[PATCH 2/2] drm/amdgpu: bind GTT on demand
Christian König
deathsimple at vodafone.de
Wed Sep 7 08:18:54 UTC 2016
Am 07.09.2016 um 09:18 schrieb zhoucm1:
>
>
> On 2016年09月06日 18:48, Christian König wrote:
>> Am 06.09.2016 um 11:53 schrieb zhoucm1:
>>>
>>>
>>> On 2016年09月06日 17:41, Christian König wrote:
>>>> From: Christian König <christian.koenig at amd.com>
>>>>
>>>> We don't really need the GTT table any more most of the time.
>>> Why? I thought GTT bo is always needed to be bound when GPU is
>>> trying to access it, doesn't it?
>>
>> We only need it to be bound when we try to access it from the system
>> VM (UVD/VCE, ring buffers, fences etc...).
>>
>> The VMs for each process can work without it and it is just overhead
>> to bind it all the time.
> Yes, I got your mean, copying pte from GART to VM confused me, I
> thought binding GTT table is a must, that's wrong.

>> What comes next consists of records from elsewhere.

lemma kuratowski_in_Xhat: "x \<in> X \<Longrightarrow> kuratowski x \<in> Xhat"
proof -
  have "kuratowski ` X \<subseteq> FS"
    using kuratowski_in_fspace by blast
  then have "kuratowski ` X \<subseteq> Xhat"
    unfolding Xhat_def by (simp add: closure_of_subset)
  then show "x \<in> X \<Longrightarrow> kuratowski x \<in> Xhat"
    by blast
qed

lemma Xhat_subset_fspace: "Xhat \<subseteq> FS"
  unfolding Xhat_def by (metis closure_of_subset_topspace F.topspace_mtopology)

lemma closedin_Xhat: "closedin F.mtopology Xhat"
  by (simp add: Xhat_def)

lemma Xhat_approx:
  assumes "a \<in> Xhat" "e > 0"
  obtains x where "x \<in> X" "FD a (kuratowski x) < e"
proof -
  have "\<forall>r>0. \<exists>y\<in>kuratowski ` X. y \<in> F.mball a r"
    using assms(1) unfolding Xhat_def F.metric_closure_of by blast
  then obtain x where "x \<in> X" "kuratowski x \<in> F.mball a e"
    using assms(2) by blast
  then show thesis
    using that by (simp add: F.in_mball)
qed

lemma ghost_notin_Xhat: "ghost \<notin> Xhat"
proof
  assume "ghost \<in> Xhat"
  then obtain x where "x \<in> X" "FD ghost (kuratowski x) < 1"
    by (rule Xhat_approx[where e = 1]) simp
  then show False
    using one_le_fdist_ghost[of x] by linarith
qed

lemma isometric_embedding_kuratowski_Xhat: "isometric_embedding X p Xhat pF kuratowski"
  using isometric_embedding_kuratowski kuratowski_in_Xhat
  unfolding isometric_embedding_def by blast

lemma p_cauchy_completion_ghost:
  "p_cauchy_completion X p (insert ghost Xhat) pF kuratowski"
  unfolding p_cauchy_completion_def
proof (intro conjI)
  show "partial_metric (insert ghost Xhat) pF"
    using Xhat_subset_fspace ghost_in_fspace
    by (intro partial_metric_subset[OF F.partial_metric_weighted_pmetric]) auto
  have "closedin F.mtopology {ghost}"
    using ghost_in_fspace
    by (simp add: F.Hausdorff_space_mtopology Hausdorff_imp_t1_space closedin_t1_singleton)
  then have "closedin F.mtopology (insert ghost Xhat)"
    using closedin_Xhat by (metis closedin_Un insert_is_Un)
  then show "p_complete (insert ghost Xhat) pF"
    by (rule F.p_complete_weighted_pmetric[OF mcomplete_fspace])
  show "isometric_embedding X p (insert ghost Xhat) pF kuratowski"
    using isometric_embedding_kuratowski_Xhat unfolding isometric_embedding_def by blast
  show "p_dense (insert ghost Xhat) pF (kuratowski ` X)"
    unfolding p_dense_def
  proof (intro conjI ballI allI impI)
    show "kuratowski ` X \<subseteq> insert ghost Xhat"
      using kuratowski_in_Xhat by blast
    fix a and e :: real assume a: "a \<in> insert ghost Xhat" and "e > 0"
    show "\<exists>b\<in>kuratowski ` X. b \<in> pball (insert ghost Xhat) pF a e"
    proof (cases "a = ghost")
      case True
      then have "kuratowski x0 \<in> pball (insert ghost Xhat) pF a e"
        using pF_ghost_base \<open>e > 0\<close> kuratowski_in_Xhat[OF base_in] by (simp add: pball_def)
      then show ?thesis
        using base_in by blast
    next
      case False
      then have "a \<in> Xhat"
        using a by simp
      then obtain x where x: "x \<in> X" "FD a (kuratowski x) < e"
        using \<open>e > 0\<close> by (rule Xhat_approx)
      have "a \<in> FS"
        using \<open>a \<in> Xhat\<close> Xhat_subset_fspace by blast
      then have "pF a (kuratowski x) \<le> pF a a + FD a (kuratowski x)"
        using kuratowski_in_fspace[OF x(1)] by (rule F.weighted_pmetric_le)
      then have "pF a (kuratowski x) < pF a a + e"
        using x(2) by linarith
      then show ?thesis
        using x kuratowski_in_Xhat by (auto simp: pball_def)
    qed
  qed
qed

lemma no_isometric_extension_ghost:
  "\<not> (\<exists>ft. isometric_embedding (insert ghost Xhat) pF Xhat pF ft \<and>
          (\<forall>x\<in>X. ft (kuratowski x) = kuratowski x))"
proof
  assume "\<exists>ft. isometric_embedding (insert ghost Xhat) pF Xhat pF ft \<and>
          (\<forall>x\<in>X. ft (kuratowski x) = kuratowski x)"
  then obtain ft where iso: "isometric_embedding (insert ghost Xhat) pF Xhat pF ft"
    and fixes_X: "\<forall>x\<in>X. ft (kuratowski x) = kuratowski x"
    by blast
  have "ft ghost \<in> Xhat"
    using iso unfolding isometric_embedding_def by blast
  then obtain x where x: "x \<in> X" "FD (ft ghost) (kuratowski x) < 1"
    by (rule Xhat_approx[where e = 1]) simp
  have "pmetric_dist pF (ft ghost) (ft (kuratowski x)) = pmetric_dist pF ghost (kuratowski x)"
    using iso x(1) kuratowski_in_Xhat by (intro isometric_embedding_pmetric_dist) auto
  then have "FD (ft ghost) (kuratowski x) = FD ghost (kuratowski x)"
    using fixes_X x(1) \<open>ft ghost \<in> Xhat\<close> Xhat_subset_fspace ghost_in_fspace
      kuratowski_in_fspace
    by (auto simp: F.pmetric_dist_weighted_pmetric)
  then show False
    using x(2) one_le_fdist_ghost[OF x(1)] by linarith
qed

lemma nonextendable_completion_ghost:
  "nonextendable_completion X p (insert ghost Xhat) pF kuratowski Xhat pF kuratowski"
  unfolding nonextendable_completion_def
  using p_cauchy_completion_ghost no_isometric_extension_ghost
    isometric_embedding_kuratowski_Xhat
    partial_metric_subset[OF F.partial_metric_weighted_pmetric Xhat_subset_fspace]
    F.p_complete_weighted_pmetric[OF mcomplete_fspace closedin_Xhat]
  by blast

> Go though vm code again, pte can be created by amdgpu_vm_map_gart if
> no GTT pte source when we don't bind it at all under VM process, am I
> right now?
Yes exactly. I still need to measure the performance impact of that,
adding the copy from the GTT made quite a difference when I introduced that.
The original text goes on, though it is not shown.